- [TASK REQUIREMENTS]: From the entries below, copy every line where the string "lemma" appears.

- [INFORMATION SUPPLIED]:
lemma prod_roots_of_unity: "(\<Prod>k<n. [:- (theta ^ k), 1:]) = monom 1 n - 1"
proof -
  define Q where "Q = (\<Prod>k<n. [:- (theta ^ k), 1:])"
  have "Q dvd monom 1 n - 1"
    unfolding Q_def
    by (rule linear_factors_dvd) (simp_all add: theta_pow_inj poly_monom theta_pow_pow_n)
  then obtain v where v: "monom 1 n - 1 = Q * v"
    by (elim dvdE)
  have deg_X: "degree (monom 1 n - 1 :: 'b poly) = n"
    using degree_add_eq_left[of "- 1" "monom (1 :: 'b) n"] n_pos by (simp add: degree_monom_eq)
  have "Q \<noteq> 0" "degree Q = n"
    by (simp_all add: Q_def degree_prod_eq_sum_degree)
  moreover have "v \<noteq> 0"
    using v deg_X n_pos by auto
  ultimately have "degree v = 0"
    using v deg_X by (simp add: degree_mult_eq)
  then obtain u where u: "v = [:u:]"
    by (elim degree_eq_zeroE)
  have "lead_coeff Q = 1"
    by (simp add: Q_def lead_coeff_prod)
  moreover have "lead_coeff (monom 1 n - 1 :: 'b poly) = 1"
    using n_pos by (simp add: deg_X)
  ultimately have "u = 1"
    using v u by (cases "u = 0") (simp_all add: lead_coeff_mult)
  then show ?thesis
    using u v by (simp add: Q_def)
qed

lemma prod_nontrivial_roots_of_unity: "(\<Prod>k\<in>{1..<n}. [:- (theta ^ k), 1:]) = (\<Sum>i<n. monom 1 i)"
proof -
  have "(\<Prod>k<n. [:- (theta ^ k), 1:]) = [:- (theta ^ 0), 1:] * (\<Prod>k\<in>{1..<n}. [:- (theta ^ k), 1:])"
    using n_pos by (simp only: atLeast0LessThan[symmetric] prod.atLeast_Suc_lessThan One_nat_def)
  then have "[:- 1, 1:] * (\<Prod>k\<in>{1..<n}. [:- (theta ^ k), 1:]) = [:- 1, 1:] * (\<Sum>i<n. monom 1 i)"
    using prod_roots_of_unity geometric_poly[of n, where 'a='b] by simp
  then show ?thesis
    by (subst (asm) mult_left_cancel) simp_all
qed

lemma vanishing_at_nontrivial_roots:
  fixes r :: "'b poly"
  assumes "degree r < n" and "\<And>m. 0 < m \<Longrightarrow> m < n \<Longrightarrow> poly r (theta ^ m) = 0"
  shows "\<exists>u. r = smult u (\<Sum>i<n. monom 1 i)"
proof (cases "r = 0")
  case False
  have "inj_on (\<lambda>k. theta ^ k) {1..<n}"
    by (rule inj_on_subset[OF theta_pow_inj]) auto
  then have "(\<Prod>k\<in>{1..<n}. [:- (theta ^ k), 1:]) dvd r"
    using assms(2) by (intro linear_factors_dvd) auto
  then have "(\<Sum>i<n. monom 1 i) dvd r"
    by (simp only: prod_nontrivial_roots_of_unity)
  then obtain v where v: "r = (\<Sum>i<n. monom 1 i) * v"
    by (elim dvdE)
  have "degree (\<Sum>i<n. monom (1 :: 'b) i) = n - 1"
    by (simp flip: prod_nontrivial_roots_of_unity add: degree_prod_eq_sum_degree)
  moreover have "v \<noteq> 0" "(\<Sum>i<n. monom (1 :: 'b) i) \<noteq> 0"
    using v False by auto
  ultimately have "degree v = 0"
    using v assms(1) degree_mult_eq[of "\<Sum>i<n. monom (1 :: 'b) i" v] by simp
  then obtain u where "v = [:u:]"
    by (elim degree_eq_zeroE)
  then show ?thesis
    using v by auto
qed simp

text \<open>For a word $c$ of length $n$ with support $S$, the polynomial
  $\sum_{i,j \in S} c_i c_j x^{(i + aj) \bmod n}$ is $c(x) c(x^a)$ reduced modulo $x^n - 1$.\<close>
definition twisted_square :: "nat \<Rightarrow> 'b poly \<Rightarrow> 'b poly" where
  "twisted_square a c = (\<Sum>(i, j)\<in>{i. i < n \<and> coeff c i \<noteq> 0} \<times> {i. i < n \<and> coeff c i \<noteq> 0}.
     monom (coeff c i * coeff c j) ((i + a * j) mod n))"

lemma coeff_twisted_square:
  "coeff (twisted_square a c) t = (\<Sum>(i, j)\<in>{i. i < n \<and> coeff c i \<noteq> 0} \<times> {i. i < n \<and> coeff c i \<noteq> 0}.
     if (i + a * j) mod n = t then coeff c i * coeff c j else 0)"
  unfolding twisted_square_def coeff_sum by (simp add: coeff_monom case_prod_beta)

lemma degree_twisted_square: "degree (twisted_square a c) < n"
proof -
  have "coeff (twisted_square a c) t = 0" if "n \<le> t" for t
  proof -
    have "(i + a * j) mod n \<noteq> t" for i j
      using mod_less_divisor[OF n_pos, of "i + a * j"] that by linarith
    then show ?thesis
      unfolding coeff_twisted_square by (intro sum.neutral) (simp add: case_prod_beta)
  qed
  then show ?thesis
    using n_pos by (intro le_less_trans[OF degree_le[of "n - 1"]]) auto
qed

- [ANSWER TO THE PROBLEM]:
lemma prod_roots_of_unity: "(\<Prod>k<n. [:- (theta ^ k), 1:]) = monom 1 n - 1"
lemma prod_nontrivial_roots_of_unity: "(\<Prod>k\<in>{1..<n}. [:- (theta ^ k), 1:]) = (\<Sum>i<n. monom 1 i)"
lemma vanishing_at_nontrivial_roots:
lemma coeff_twisted_square:
lemma degree_twisted_square: "degree (twisted_square a c) < n"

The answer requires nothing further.